**TASK TO COMPLETE**
From the entries below, tally how many lines contain "cong" and report only that figure.

==== TASK INPUT ====

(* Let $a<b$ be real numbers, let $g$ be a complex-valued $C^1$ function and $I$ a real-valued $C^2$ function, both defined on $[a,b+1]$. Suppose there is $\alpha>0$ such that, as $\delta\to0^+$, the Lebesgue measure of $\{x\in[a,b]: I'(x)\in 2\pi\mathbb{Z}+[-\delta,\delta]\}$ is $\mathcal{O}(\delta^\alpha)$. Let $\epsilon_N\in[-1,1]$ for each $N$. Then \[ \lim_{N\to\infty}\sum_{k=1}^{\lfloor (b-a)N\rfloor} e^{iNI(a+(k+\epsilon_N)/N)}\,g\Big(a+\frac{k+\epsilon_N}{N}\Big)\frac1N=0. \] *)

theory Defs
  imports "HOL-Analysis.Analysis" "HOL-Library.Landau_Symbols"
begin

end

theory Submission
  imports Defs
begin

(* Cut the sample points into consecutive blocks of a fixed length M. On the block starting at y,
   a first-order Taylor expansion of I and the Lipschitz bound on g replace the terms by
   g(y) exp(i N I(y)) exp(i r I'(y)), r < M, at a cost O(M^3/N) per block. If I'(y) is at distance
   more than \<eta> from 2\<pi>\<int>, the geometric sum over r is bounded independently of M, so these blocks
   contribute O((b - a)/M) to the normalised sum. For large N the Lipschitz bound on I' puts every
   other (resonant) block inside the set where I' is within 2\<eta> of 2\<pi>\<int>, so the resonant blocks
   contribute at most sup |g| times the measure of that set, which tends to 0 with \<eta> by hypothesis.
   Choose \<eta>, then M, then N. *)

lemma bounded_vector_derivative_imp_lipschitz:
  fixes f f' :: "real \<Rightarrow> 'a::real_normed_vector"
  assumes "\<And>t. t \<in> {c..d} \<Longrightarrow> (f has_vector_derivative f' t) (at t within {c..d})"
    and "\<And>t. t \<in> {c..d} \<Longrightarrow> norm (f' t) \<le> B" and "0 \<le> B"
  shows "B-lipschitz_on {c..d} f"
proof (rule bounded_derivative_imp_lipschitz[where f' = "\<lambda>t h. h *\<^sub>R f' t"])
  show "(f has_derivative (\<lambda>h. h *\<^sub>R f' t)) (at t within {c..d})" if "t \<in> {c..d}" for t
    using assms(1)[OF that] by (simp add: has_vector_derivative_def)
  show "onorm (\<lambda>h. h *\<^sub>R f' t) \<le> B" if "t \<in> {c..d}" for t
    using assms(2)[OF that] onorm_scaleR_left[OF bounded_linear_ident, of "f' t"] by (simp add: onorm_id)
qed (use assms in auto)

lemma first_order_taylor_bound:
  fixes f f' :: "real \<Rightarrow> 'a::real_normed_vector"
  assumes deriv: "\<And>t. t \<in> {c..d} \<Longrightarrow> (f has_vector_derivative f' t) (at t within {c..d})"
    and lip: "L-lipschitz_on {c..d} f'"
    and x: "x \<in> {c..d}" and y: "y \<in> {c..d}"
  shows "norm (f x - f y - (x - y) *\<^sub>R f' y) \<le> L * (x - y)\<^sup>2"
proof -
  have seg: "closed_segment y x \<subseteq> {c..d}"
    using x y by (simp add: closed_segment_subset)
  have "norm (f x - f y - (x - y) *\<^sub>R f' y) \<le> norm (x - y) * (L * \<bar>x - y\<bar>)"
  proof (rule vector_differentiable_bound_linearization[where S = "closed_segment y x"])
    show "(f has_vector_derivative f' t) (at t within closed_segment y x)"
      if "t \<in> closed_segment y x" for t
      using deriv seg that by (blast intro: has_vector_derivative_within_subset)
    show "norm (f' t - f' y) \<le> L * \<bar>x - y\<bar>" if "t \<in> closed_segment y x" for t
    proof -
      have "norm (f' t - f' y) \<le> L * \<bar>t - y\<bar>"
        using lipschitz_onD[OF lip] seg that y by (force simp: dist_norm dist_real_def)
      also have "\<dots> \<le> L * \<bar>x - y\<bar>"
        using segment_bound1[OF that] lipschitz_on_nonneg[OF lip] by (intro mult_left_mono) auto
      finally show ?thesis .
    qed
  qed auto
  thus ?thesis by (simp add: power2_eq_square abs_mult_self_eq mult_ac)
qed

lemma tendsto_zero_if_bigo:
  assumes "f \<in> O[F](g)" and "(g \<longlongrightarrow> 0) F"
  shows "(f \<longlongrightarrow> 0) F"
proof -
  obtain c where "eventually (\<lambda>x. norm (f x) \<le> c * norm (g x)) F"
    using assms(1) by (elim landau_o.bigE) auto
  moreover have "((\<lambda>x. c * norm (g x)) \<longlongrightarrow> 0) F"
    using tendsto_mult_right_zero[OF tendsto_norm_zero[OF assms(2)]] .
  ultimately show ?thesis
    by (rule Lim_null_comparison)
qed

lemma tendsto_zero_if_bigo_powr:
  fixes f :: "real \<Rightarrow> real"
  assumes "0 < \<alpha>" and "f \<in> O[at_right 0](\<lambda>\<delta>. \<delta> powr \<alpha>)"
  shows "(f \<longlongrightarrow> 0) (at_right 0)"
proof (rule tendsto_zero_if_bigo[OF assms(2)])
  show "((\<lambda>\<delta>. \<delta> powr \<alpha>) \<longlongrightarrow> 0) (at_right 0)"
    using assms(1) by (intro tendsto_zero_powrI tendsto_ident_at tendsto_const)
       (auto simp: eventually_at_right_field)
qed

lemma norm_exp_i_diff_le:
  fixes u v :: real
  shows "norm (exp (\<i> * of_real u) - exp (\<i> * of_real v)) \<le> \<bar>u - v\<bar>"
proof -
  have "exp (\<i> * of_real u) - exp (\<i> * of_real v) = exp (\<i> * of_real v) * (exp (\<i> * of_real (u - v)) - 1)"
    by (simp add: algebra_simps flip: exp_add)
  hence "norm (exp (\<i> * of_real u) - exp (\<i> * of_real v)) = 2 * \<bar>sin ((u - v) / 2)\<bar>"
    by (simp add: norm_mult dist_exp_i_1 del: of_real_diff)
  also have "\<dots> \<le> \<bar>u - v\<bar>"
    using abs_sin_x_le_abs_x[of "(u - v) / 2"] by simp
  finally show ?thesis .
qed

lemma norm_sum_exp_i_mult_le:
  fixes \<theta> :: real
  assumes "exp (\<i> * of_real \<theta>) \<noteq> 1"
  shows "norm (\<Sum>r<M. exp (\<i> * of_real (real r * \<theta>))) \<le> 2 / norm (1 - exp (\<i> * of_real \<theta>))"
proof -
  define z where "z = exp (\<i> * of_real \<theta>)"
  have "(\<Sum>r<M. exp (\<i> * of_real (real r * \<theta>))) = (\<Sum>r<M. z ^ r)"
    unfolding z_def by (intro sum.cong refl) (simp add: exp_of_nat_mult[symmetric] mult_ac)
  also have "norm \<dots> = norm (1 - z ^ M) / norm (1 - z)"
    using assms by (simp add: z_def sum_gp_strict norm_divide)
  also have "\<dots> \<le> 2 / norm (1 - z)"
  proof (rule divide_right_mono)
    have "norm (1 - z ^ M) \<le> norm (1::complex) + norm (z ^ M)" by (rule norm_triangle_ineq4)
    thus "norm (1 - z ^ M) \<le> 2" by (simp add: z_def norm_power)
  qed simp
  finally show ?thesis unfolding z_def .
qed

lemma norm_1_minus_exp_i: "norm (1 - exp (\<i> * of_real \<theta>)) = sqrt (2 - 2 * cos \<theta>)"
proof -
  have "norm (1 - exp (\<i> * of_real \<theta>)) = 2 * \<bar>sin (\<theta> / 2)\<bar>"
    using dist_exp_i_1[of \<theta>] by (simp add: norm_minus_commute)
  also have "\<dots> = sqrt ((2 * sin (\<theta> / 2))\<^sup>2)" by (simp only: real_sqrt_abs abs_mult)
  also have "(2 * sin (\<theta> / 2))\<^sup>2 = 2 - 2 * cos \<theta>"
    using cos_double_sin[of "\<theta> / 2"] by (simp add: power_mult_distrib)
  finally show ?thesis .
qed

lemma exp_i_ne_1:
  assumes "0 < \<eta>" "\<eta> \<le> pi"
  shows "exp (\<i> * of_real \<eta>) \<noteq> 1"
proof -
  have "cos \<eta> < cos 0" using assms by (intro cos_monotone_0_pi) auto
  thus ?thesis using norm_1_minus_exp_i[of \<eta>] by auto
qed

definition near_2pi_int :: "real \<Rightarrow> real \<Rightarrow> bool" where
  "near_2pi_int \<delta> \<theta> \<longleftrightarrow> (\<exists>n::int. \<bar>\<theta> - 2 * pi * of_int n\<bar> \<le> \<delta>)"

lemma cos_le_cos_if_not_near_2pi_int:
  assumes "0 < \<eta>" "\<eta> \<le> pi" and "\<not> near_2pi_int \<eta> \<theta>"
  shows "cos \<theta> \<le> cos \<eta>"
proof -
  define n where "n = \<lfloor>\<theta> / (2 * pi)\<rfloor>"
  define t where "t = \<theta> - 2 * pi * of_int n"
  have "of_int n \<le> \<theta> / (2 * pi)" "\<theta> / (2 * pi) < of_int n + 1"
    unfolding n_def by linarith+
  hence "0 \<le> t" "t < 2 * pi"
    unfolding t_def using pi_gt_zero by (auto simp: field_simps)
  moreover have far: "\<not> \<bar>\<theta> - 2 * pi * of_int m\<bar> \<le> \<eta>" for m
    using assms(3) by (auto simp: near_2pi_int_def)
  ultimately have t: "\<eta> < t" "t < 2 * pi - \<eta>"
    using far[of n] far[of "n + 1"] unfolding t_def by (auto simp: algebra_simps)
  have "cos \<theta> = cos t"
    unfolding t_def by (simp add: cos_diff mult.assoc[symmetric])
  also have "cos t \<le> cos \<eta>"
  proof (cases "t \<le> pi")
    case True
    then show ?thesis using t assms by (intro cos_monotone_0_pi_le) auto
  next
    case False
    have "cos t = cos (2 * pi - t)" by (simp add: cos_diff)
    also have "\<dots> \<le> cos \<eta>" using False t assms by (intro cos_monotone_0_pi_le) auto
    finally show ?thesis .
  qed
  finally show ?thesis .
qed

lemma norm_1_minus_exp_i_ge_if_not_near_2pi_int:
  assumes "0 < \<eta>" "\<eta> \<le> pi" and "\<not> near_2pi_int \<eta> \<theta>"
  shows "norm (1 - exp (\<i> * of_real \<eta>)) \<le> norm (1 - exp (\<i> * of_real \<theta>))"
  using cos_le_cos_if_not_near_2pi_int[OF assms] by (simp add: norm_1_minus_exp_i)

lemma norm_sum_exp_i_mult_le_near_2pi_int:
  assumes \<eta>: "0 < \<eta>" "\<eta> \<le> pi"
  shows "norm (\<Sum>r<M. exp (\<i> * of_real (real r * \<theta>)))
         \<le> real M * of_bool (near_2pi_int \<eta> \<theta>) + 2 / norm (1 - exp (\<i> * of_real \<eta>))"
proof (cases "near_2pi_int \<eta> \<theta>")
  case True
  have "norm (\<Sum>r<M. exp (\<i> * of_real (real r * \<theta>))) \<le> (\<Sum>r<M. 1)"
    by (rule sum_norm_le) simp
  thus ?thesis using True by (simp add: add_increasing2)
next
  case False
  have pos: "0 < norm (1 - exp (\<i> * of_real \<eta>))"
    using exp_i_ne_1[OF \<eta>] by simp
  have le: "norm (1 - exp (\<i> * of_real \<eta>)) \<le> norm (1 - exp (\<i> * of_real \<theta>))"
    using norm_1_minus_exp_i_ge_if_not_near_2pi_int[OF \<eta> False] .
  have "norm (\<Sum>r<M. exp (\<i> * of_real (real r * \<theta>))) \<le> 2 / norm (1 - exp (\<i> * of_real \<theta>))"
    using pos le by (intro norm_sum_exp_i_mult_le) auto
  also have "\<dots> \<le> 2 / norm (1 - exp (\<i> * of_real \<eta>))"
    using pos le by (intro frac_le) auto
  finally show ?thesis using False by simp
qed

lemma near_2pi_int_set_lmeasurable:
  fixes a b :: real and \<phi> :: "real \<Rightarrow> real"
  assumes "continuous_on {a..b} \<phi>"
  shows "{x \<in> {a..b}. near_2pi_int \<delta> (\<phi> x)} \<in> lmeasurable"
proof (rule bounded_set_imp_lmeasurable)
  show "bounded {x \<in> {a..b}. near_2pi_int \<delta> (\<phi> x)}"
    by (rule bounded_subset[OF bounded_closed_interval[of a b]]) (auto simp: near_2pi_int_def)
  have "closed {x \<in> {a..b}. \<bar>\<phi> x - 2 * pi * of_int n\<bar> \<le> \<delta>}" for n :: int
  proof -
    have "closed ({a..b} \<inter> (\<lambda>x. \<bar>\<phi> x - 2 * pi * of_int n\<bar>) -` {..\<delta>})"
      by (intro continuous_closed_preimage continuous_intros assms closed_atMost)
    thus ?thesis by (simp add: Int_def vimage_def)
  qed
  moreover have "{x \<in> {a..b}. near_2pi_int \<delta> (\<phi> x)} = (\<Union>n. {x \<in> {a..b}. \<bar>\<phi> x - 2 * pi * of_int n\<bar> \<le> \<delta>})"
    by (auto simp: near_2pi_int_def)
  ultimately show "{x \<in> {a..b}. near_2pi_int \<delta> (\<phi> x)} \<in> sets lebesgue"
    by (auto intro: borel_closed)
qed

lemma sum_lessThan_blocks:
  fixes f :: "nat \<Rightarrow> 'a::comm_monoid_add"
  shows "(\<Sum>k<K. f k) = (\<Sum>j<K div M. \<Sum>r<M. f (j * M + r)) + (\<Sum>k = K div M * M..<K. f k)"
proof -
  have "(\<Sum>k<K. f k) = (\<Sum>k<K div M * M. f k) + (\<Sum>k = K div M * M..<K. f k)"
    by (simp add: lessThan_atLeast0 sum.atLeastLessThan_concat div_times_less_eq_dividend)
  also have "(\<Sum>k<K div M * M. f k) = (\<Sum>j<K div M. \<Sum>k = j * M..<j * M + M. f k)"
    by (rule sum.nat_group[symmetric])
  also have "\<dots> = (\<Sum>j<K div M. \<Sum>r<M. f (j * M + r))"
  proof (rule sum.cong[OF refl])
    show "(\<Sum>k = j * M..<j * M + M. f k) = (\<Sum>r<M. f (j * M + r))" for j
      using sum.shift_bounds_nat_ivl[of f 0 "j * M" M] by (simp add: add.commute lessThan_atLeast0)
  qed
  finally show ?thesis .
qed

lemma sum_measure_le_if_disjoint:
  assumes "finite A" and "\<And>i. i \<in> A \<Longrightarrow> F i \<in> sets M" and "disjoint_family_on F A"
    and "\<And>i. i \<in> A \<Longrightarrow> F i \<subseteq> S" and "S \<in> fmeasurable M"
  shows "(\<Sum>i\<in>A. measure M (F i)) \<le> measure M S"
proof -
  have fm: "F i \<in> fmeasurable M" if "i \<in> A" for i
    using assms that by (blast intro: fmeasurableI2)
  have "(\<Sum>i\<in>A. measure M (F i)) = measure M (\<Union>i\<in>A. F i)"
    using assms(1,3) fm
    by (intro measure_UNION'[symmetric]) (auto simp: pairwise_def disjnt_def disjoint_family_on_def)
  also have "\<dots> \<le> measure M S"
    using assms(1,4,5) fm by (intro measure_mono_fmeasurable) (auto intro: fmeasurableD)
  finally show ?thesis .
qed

====

**EXERCISE RESULT**
2